Would you transcribe exactly the lines below, starting at the one that contains "exp (- \<bar>x\<bar>" and ending with the last line, both included? Leave out all other lines.

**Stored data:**
•••••

definition weighted_graph :: "real^'n^'n \<Rightarrow> bool" where
  "weighted_graph W \<longleftrightarrow> (\<forall>i j. W$i$j = W$j$i) \<and> (\<forall>i j. 0 \<le> W$i$j) \<and> (\<forall>i. W$i$i = 0)"

definition graph_connected :: "real^'n^'n \<Rightarrow> bool" where
  "graph_connected W \<longleftrightarrow> (\<forall>i j. (\<lambda>a b. W$a$b > 0)\<^sup>*\<^sup>* i j)"

definition wdegree :: "real^'n^'n \<Rightarrow> 'n \<Rightarrow> real" where
  "wdegree W i = (\<Sum>j\<in>UNIV. W$i$j)"

definition dmax :: "real^'n^'n \<Rightarrow> real" where
  "dmax W = Max (range (wdegree W))"

definition laplacian :: "real^'n^'n \<Rightarrow> real^'n^'n" where
  "laplacian W = (\<chi> i j. (if i = j then wdegree W i else 0) - W$i$j)"

definition Ave :: "real^'n \<Rightarrow> real" where
  "Ave x = (\<Sum>i\<in>UNIV. x$i) / real CARD('n)"

definition ones :: "real^'n" where
  "ones = (\<chi> i. 1)"

primrec theta_seq :: "real^'n^'n \<Rightarrow> real \<Rightarrow> real^'n^'n \<Rightarrow> real^'n \<Rightarrow> (nat \<Rightarrow> real^'n) \<Rightarrow> nat \<Rightarrow> real^'n" where
  "theta_seq L h S \<theta>0 \<eta> 0 = \<theta>0"
| "theta_seq L h S \<theta>0 \<eta> (Suc k) =
     theta_seq L h S \<theta>0 \<eta> k - h *\<^sub>R (L *v (theta_seq L h S \<theta>0 \<eta> k + \<eta> k)) + S *v \<eta> k"

definition msg_seq :: "real^'n^'n \<Rightarrow> real \<Rightarrow> real^'n^'n \<Rightarrow> real^'n \<Rightarrow> (nat \<Rightarrow> real^'n) \<Rightarrow> nat \<Rightarrow> real^'n" where
  "msg_seq L h S \<theta>0 \<eta> = (\<lambda>k. theta_seq L h S \<theta>0 \<eta> k + \<eta> k)"

definition lap_density :: "real \<Rightarrow> real \<Rightarrow> real" where
  "lap_density b x = exp (- \<bar>x\<bar> / b) / (2 * b)"

definition agent_dp :: "'a measure \<Rightarrow> ('a \<Rightarrow> nat \<Rightarrow> real^'n)
     \<Rightarrow> (real^'n \<Rightarrow> (nat \<Rightarrow> real^'n) \<Rightarrow> nat \<Rightarrow> real^'n) \<Rightarrow> real \<Rightarrow> 'n \<Rightarrow> real \<Rightarrow> bool" where
  "agent_dp M \<eta> X \<delta> i \<epsilon> \<longleftrightarrow>
     (\<forall>\<theta>1 \<theta>2 Obs. (\<forall>j. j \<noteq> i \<longrightarrow> \<theta>1$j = \<theta>2$j) \<and> \<bar>\<theta>1$i - \<theta>2$i\<bar> \<le> \<delta> \<and> Obs \<in> sets borel \<longrightarrow>
        measure M {\<omega>\<in>space M. X \<theta>1 (\<eta> \<omega>) \<in> Obs}
          \<le> exp \<epsilon> * measure M {\<omega>\<in>space M. X \<theta>2 (\<eta> \<omega>) \<in> Obs})"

•••••

**Output of the exercise:**
  "lap_density b x = exp (- \<bar>x\<bar> / b) / (2 * b)"

definition agent_dp :: "'a measure \<Rightarrow> ('a \<Rightarrow> nat \<Rightarrow> real^'n)
     \<Rightarrow> (real^'n \<Rightarrow> (nat \<Rightarrow> real^'n) \<Rightarrow> nat \<Rightarrow> real^'n) \<Rightarrow> real \<Rightarrow> 'n \<Rightarrow> real \<Rightarrow> bool" where
  "agent_dp M \<eta> X \<delta> i \<epsilon> \<longleftrightarrow>
     (\<forall>\<theta>1 \<theta>2 Obs. (\<forall>j. j \<noteq> i \<longrightarrow> \<theta>1$j = \<theta>2$j) \<and> \<bar>\<theta>1$i - \<theta>2$i\<bar> \<le> \<delta> \<and> Obs \<in> sets borel \<longrightarrow>
        measure M {\<omega>\<in>space M. X \<theta>1 (\<eta> \<omega>) \<in> Obs}
          \<le> exp \<epsilon> * measure M {\<omega>\<in>space M. X \<theta>2 (\<eta> \<omega>) \<in> Obs})"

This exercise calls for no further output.